Description of the task:
Return each of the entries below precisely as it appears.

Information given:
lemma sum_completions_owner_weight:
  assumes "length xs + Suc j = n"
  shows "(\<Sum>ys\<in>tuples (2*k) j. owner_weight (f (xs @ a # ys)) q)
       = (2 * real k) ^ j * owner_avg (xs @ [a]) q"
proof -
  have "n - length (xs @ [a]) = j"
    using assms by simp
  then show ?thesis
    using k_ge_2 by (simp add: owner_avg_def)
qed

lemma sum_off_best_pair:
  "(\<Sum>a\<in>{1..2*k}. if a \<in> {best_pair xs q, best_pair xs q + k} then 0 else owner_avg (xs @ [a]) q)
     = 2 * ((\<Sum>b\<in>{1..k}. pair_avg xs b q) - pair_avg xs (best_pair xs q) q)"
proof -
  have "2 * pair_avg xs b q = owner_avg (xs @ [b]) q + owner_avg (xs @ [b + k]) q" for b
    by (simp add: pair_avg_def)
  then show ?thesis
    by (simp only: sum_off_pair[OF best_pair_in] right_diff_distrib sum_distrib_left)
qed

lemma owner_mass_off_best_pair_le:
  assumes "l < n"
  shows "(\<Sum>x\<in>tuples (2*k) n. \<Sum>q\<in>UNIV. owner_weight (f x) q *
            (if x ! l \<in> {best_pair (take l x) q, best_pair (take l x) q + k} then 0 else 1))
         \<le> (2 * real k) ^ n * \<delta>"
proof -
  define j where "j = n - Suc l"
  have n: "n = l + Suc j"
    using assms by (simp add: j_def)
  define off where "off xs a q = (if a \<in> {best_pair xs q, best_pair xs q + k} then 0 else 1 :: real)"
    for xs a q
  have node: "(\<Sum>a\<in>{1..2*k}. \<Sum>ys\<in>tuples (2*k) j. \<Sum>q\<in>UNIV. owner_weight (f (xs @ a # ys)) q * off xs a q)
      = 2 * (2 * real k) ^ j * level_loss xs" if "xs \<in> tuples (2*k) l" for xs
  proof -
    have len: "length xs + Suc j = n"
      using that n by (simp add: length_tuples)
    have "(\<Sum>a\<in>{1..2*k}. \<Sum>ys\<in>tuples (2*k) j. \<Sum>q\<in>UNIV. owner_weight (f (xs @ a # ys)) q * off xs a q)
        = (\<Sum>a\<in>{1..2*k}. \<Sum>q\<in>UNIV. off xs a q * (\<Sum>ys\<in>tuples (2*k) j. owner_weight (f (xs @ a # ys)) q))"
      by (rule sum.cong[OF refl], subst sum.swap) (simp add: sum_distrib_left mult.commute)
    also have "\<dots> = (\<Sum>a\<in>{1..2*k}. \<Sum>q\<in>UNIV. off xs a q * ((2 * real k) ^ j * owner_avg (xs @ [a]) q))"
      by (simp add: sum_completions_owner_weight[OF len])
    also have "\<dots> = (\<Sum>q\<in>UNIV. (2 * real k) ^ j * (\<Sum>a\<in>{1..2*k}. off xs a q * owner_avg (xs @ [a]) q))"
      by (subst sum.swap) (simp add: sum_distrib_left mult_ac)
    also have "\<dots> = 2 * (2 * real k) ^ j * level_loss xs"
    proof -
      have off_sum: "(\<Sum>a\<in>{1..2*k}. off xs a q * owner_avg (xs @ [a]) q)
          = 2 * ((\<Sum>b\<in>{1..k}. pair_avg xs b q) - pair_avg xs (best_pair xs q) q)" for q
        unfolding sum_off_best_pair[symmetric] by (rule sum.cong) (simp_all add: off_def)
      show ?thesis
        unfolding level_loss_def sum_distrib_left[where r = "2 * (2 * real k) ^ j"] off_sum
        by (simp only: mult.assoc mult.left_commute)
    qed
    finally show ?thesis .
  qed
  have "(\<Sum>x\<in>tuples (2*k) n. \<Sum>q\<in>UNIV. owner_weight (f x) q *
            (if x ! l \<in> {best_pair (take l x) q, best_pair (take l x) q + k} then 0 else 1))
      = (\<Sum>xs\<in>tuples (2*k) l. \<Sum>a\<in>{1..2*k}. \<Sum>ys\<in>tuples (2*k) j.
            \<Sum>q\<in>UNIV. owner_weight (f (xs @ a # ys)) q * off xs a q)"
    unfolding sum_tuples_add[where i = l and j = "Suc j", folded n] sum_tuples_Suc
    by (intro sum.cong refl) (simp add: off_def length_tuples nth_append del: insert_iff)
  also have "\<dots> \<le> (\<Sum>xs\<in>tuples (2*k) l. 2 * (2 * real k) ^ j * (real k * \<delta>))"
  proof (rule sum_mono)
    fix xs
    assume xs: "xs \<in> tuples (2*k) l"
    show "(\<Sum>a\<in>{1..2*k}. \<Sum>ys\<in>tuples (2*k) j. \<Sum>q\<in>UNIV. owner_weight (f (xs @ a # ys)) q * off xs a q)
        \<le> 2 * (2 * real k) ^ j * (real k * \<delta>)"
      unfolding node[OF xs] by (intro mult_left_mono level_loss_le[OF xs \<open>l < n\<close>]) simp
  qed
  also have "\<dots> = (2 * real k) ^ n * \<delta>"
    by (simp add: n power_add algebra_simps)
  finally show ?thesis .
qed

Answer space:
lemma sum_completions_owner_weight:
  assumes "length xs + Suc j = n"
  shows "(\<Sum>ys\<in>tuples (2*k) j. owner_weight (f (xs @ a # ys)) q)
       = (2 * real k) ^ j * owner_avg (xs @ [a]) q"
proof -
  have "n - length (xs @ [a]) = j"
    using assms by simp
  then show ?thesis
    using k_ge_2 by (simp add: owner_avg_def)
qed

lemma sum_off_best_pair:
  "(\<Sum>a\<in>{1..2*k}. if a \<in> {best_pair xs q, best_pair xs q + k} then 0 else owner_avg (xs @ [a]) q)
     = 2 * ((\<Sum>b\<in>{1..k}. pair_avg xs b q) - pair_avg xs (best_pair xs q) q)"
proof -
  have "2 * pair_avg xs b q = owner_avg (xs @ [b]) q + owner_avg (xs @ [b + k]) q" for b
    by (simp add: pair_avg_def)
  then show ?thesis
    by (simp only: sum_off_pair[OF best_pair_in] right_diff_distrib sum_distrib_left)
qed

lemma owner_mass_off_best_pair_le:
  assumes "l < n"
  shows "(\<Sum>x\<in>tuples (2*k) n. \<Sum>q\<in>UNIV. owner_weight (f x) q *
            (if x ! l \<in> {best_pair (take l x) q, best_pair (take l x) q + k} then 0 else 1))
         \<le> (2 * real k) ^ n * \<delta>"
proof -
  define j where "j = n - Suc l"
  have n: "n = l + Suc j"
    using assms by (simp add: j_def)
  define off where "off xs a q = (if a \<in> {best_pair xs q, best_pair xs q + k} then 0 else 1 :: real)"
    for xs a q
  have node: "(\<Sum>a\<in>{1..2*k}. \<Sum>ys\<in>tuples (2*k) j. \<Sum>q\<in>UNIV. owner_weight (f (xs @ a # ys)) q * off xs a q)
      = 2 * (2 * real k) ^ j * level_loss xs" if "xs \<in> tuples (2*k) l" for xs
  proof -
    have len: "length xs + Suc j = n"
      using that n by (simp add: length_tuples)
    have "(\<Sum>a\<in>{1..2*k}. \<Sum>ys\<in>tuples (2*k) j. \<Sum>q\<in>UNIV. owner_weight (f (xs @ a # ys)) q * off xs a q)
        = (\<Sum>a\<in>{1..2*k}. \<Sum>q\<in>UNIV. off xs a q * (\<Sum>ys\<in>tuples (2*k) j. owner_weight (f (xs @ a # ys)) q))"
      by (rule sum.cong[OF refl], subst sum.swap) (simp add: sum_distrib_left mult.commute)
    also have "\<dots> = (\<Sum>a\<in>{1..2*k}. \<Sum>q\<in>UNIV. off xs a q * ((2 * real k) ^ j * owner_avg (xs @ [a]) q))"
      by (simp add: sum_completions_owner_weight[OF len])
    also have "\<dots> = (\<Sum>q\<in>UNIV. (2 * real k) ^ j * (\<Sum>a\<in>{1..2*k}. off xs a q * owner_avg (xs @ [a]) q))"
      by (subst sum.swap) (simp add: sum_distrib_left mult_ac)
    also have "\<dots> = 2 * (2 * real k) ^ j * level_loss xs"
    proof -
      have off_sum: "(\<Sum>a\<in>{1..2*k}. off xs a q * owner_avg (xs @ [a]) q)
          = 2 * ((\<Sum>b\<in>{1..k}. pair_avg xs b q) - pair_avg xs (best_pair xs q) q)" for q
        unfolding sum_off_best_pair[symmetric] by (rule sum.cong) (simp_all add: off_def)
      show ?thesis
        unfolding level_loss_def sum_distrib_left[where r = "2 * (2 * real k) ^ j"] off_sum
        by (simp only: mult.assoc mult.left_commute)
    qed
    finally show ?thesis .
  qed
  have "(\<Sum>x\<in>tuples (2*k) n. \<Sum>q\<in>UNIV. owner_weight (f x) q *
            (if x ! l \<in> {best_pair (take l x) q, best_pair (take l x) q + k} then 0 else 1))
      = (\<Sum>xs\<in>tuples (2*k) l. \<Sum>a\<in>{1..2*k}. \<Sum>ys\<in>tuples (2*k) j.
            \<Sum>q\<in>UNIV. owner_weight (f (xs @ a # ys)) q * off xs a q)"
    unfolding sum_tuples_add[where i = l and j = "Suc j", folded n] sum_tuples_Suc
    by (intro sum.cong refl) (simp add: off_def length_tuples nth_append del: insert_iff)
  also have "\<dots> \<le> (\<Sum>xs\<in>tuples (2*k) l. 2 * (2 * real k) ^ j * (real k * \<delta>))"
  proof (rule sum_mono)
    fix xs
    assume xs: "xs \<in> tuples (2*k) l"
    show "(\<Sum>a\<in>{1..2*k}. \<Sum>ys\<in>tuples (2*k) j. \<Sum>q\<in>UNIV. owner_weight (f (xs @ a # ys)) q * off xs a q)
        \<le> 2 * (2 * real k) ^ j * (real k * \<delta>)"
      unfolding node[OF xs] by (intro mult_left_mono level_loss_le[OF xs \<open>l < n\<close>]) simp
  qed
  also have "\<dots> = (2 * real k) ^ n * \<delta>"
    by (simp add: n power_add algebra_simps)
  finally show ?thesis .
qed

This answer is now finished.